This Explains It
This piece by Brad DeLong helps illuminate his world view. After giving a litany of Katrina-related institutional failures at the local, state, and Federal level, he concludes
we should be surprised. Fema is a bureaucracy. A bureaucracy is designed to keep functioning even when it is headed by a man who was suddenly told by his private-sector bosses to find a new job and whose only qualification is that he is the friend of a friend of the president.
In other words, government at all levels would function perfectly, except that George Bush is President.
With all due respect to DeLong, his views of the bureaucratic process and the role of administration strike me as stunningly childish. He describes a bureaucracy as a well-tuned engine ready to respond to the Presidential throttle. Only someone who has little or no experience working within a large, interdependent organization (a university is large, but professors are fairly autonomous) could have such a naive picture.
If I had DeLong’s simplistic view of organizational behavior, then I probably would share his instincts to enlarge the public sector. Instead, as an empirical matter I believe that we will never any organization, public or private, that operates along the well-tuned engine model.
In fact, the private sector has mechanisms in place to winnow out the worst-tuned bureaucratic engines. Such mechanisms operate less effectively in government.
DeLong and I will tend to disagree on issues as long as he believes that the natural state of government programs is high effectiveness and as long as I believe that their natural state is SNAFU.

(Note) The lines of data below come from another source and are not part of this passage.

lemma leader_step_stability:
  assumes "n = Suc p" "1 \<le> p"
  defines "\<delta> \<equiv> x (Suc n) - x n"
  shows "real n * \<alpha> * (norm \<delta>)\<^sup>2 \<le> grad_error n (x n) \<delta> - DF (x n) (x n) \<delta>"
    and "real p * mean_grad_error p (x n) \<delta> \<le> (\<Sum>k=1..p. DF (x k) (x n) \<delta>)"
proof -
  have in_X: "x n \<in> X" "x (Suc n) \<in> X" using assms(1) by (simp_all add: iterate_in)
  have z_min: "\<forall>w\<in>X. (\<Sum>j=1..p. sample_loss j (x n)) \<le> (\<Sum>j=1..p. sample_loss j w)"
    using iterate_minimizes[OF assms(2)] assms(1) by simp
  have y_min: "\<forall>w\<in>X. (\<Sum>j=1..Suc p. sample_loss j (x (Suc n))) \<le> (\<Sum>j=1..Suc p. sample_loss j w)"
    using iterate_minimizes[of n] assms(1) by simp
  note stability = follow_the_leader_stability[OF X_convex sample_loss_strongly_convex
      sample_loss_has_derivative in_X z_min y_min]
  show "real n * \<alpha> * (norm \<delta>)\<^sup>2 \<le> grad_error n (x n) \<delta> - DF (x n) (x n) \<delta>"
    using stability(1) unfolding grad_error_def \<delta>_def assms(1) by simp
  show "real p * mean_grad_error p (x n) \<delta> \<le> (\<Sum>k=1..p. DF (x k) (x n) \<delta>)"
    using stability(2) assms(2) unfolding mean_grad_error_def grad_error_def \<delta>_def
    by (simp add: sum_subtractf)
qed

lemma gradient_drift_le:
  assumes "1 \<le> k" "z \<in> X"
  shows "DF (x k) z v - DF z z v \<le> \<beta> * norm (z - x k) * norm v"
proof -
  have "bounded_linear (\<lambda>v. DF (x k) z v - DF z z v)"
    using assms by (intro bounded_linear_sub DF_bounded_linear iterate_in)
  then have "DF (x k) z v - DF z z v \<le> dual_norm (\<lambda>v. DF (x k) z v - DF z z v) * norm v"
    by (rule dual_norm_le)
  also have "\<dots> \<le> \<beta> * norm (x k - z) * norm v"
    using DF_lipschitz[OF iterate_in[OF assms(1)] assms(2) assms(2)] by (intro mult_right_mono) auto
  finally show ?thesis by (simp add: norm_minus_commute)
qed

lemma beta_mult_dist_nonneg:
  assumes "1 \<le> k" "z \<in> X"
  shows "0 \<le> \<beta> * norm (z - x k)"
proof -
  have "bounded_linear (\<lambda>v. DF z z v - DF (x k) z v)"
    using assms by (intro bounded_linear_sub DF_bounded_linear iterate_in)
  then show ?thesis
    using dual_norm_nonneg DF_lipschitz[OF assms(2) iterate_in[OF assms(1)] assms(2)] by fastforce
qed

theorem leader_step_bound:
  assumes "2 \<le> n"
  shows "norm (x (Suc n) - x n) \<le> (\<beta> * mean_dist n + dual_norm (grad_error n (x n))
      + dual_norm (mean_grad_error (n - 1) (x n))) / (real n * \<alpha>)"
proof -
  obtain p where n: "n = Suc p" and p: "1 \<le> p" using assms by (cases n) auto
  define z where "z = x n"
  define \<delta> where "\<delta> = x (Suc n) - z"
  have z: "z \<in> X" unfolding z_def using n by (simp add: iterate_in)
  note stability = leader_step_stability[OF n p, folded z_def, folded \<delta>_def]
  have dist: "mean_dist n = 1 / real p * (\<Sum>k=1..p. norm (z - x k))"
    unfolding mean_dist_def z_def n by simp
  have "(\<Sum>k=1..p. DF (x k) z \<delta> - DF z z \<delta>) \<le> (\<Sum>k=1..p. \<beta> * norm \<delta> * norm (z - x k))"
    using gradient_drift_le[OF _ z] by (intro sum_mono) (simp add: mult_ac)
  then have scaled: "real p * (- DF z z \<delta>) \<le> real p * (\<beta> * mean_dist n * norm \<delta> - mean_grad_error p z \<delta>)"
    using stability(2) p unfolding dist by (simp add: sum_subtractf sum_distrib_left algebra_simps)
  have "- DF z z \<delta> \<le> \<beta> * mean_dist n * norm \<delta> - mean_grad_error p z \<delta>"
    using mult_left_le_imp_le[OF scaled] p by simp
  moreover have "grad_error n z \<delta> \<le> dual_norm (grad_error n z) * norm \<delta>"
    using grad_error_bounded_linear[OF _ z] n by (intro dual_norm_le) simp
  moreover have "- mean_grad_error p z \<delta> \<le> dual_norm (mean_grad_error p z) * norm \<delta>"
    using dual_norm_le[OF mean_grad_error_bounded_linear[OF z], of p "- \<delta>"]
    by (simp add: linear_neg[OF bounded_linear.linear[OF mean_grad_error_bounded_linear[OF z]]])
  ultimately have "real n * \<alpha> * (norm \<delta>)\<^sup>2
      \<le> norm \<delta> * (\<beta> * mean_dist n + dual_norm (grad_error n z) + dual_norm (mean_grad_error p z))"
    using stability(1) by (simp add: algebra_simps)
  moreover have "0 \<le> \<beta> * mean_dist n"
    unfolding dist using beta_mult_dist_nonneg[OF _ z]
    by (auto simp: sum_distrib_left intro!: sum_nonneg)
  ultimately show ?thesis
    using alpha_pos n z grad_error_bounded_linear mean_grad_error_bounded_linear
    unfolding z_def \<delta>_def
    by (intro le_divide_of_square_le) (auto intro!: add_nonneg_nonneg dual_norm_nonneg)
qed

end

theorem lemma11:
  fixes X :: "'a::real_normed_vector set"
    and d :: "'a \<Rightarrow> 's measure"
    and f :: "'a \<Rightarrow> 's \<Rightarrow> real"
    and Df :: "'s \<Rightarrow> 'a \<Rightarrow> ('a \<Rightarrow> real)"
    and DF :: "'a \<Rightarrow> 'a \<Rightarrow> ('a \<Rightarrow> real)"
    and \<alpha> \<beta> :: real
    and x :: "nat \<Rightarrow> 'a"
    and m :: "nat \<Rightarrow> nat"
    and s :: "nat \<Rightarrow> nat \<Rightarrow> 's"
    and n :: nat
  assumes X_convex: "convex X"
    and alpha_pos: "\<alpha> > 0"
    and prob: "\<And>y. y \<in> X \<Longrightarrow> prob_space (d y)"
    and integrable: "\<And>y z. y \<in> X \<Longrightarrow> z \<in> X \<Longrightarrow> integrable (d y) (f z)"
    and strongly_convex: "\<And>\<sigma>. strongly_convex_on X \<alpha> (\<lambda>z. f z \<sigma>)"
    and f_deriv: "\<And>\<sigma> z. z \<in> X \<Longrightarrow> ((\<lambda>w. f w \<sigma>) has_derivative Df \<sigma> z) (at z within X)"
    and F_deriv: "\<And>y z. y \<in> X \<Longrightarrow> z \<in> X \<Longrightarrow>
        ((\<lambda>w. \<integral>\<sigma>. f w \<sigma> \<partial>(d y)) has_derivative DF y z) (at z within X)"
    and F_lipschitz: "\<And>y y' z. y \<in> X \<Longrightarrow> y' \<in> X \<Longrightarrow> z \<in> X \<Longrightarrow>
        dual_norm (\<lambda>v. DF y z v - DF y' z v) \<le> \<beta> * norm (y - y')"
    and x1: "x 1 \<in> X"
    and m_pos: "\<And>k. k \<ge> 1 \<Longrightarrow> m k \<ge> 1"
    and samples: "\<And>k i. k \<ge> 1 \<Longrightarrow> 1 \<le> i \<Longrightarrow> i \<le> m k \<Longrightarrow> s k i \<in> space (d (x k))"
    and x_step: "\<And>k. k \<ge> 1 \<Longrightarrow> x (Suc k) \<in> X \<and>
        (\<forall>y\<in>X. (\<Sum>j=1..k. (1 / real (m j)) * (\<Sum>i=1..m j. f (x (Suc k)) (s j i)))
               \<le> (\<Sum>j=1..k. (1 / real (m j)) * (\<Sum>i=1..m j. f y (s j i))))"
    and n_ge: "n \<ge> 2"
  shows "let \<xi> = (\<lambda>k z v. DF (x k) z v - (1 / real (m k)) * (\<Sum>i=1..m k. Df (s k i) z v));
             \<xi>bar = (\<lambda>j z v. (1 / real j) * (\<Sum>k=1..j. \<xi> k z v));
             \<theta> = \<beta> / \<alpha>;
             S = (1 / real (n - 1)) * (\<Sum>k=1..n-1. norm (x n - x k))
         in norm (x (Suc n) - x n)
              \<le> \<theta> * S / real n
                + 1 / (real n * \<alpha>) * (dual_norm (\<xi> n (x n)) + dual_norm (\<xi>bar (n - 1) (x n)))"
proof -
  interpret aggrevate_iteration X f Df DF \<alpha> \<beta> x m s
    using X_convex alpha_pos strongly_convex f_deriv has_derivative_bounded_linear[OF F_deriv]
      F_lipschitz x1 m_pos x_step
    unfolding aggrevate_iteration_def by blast
  have rearrange: "\<beta> / \<alpha> * S / real n + 1 / (real n * \<alpha>) * (A + B) = (\<beta> * S + A + B) / (real n * \<alpha>)"
    for S A B
    using alpha_pos n_ge by (simp add: field_simps)
  show ?thesis
    using leader_step_bound[OF n_ge]
    unfolding Let_def rearrange mean_dist_def grad_error_def[abs_def] mean_grad_error_def[abs_def]
      sample_grad_def .
qed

UPDATE: Thomas Lipscomb might be describing the DeLong view when he writes,
Those who dream of the perfectibility of human institutions through increasingly, compulsorily collective government will always attack the highest levels of government when it does fail. Republicans and Democrats alike have created huge institutions like the Departments of Education, Housing and Urban Development, and now Homeland Security, built on dreams that can never meet the excessive demands placed upon them.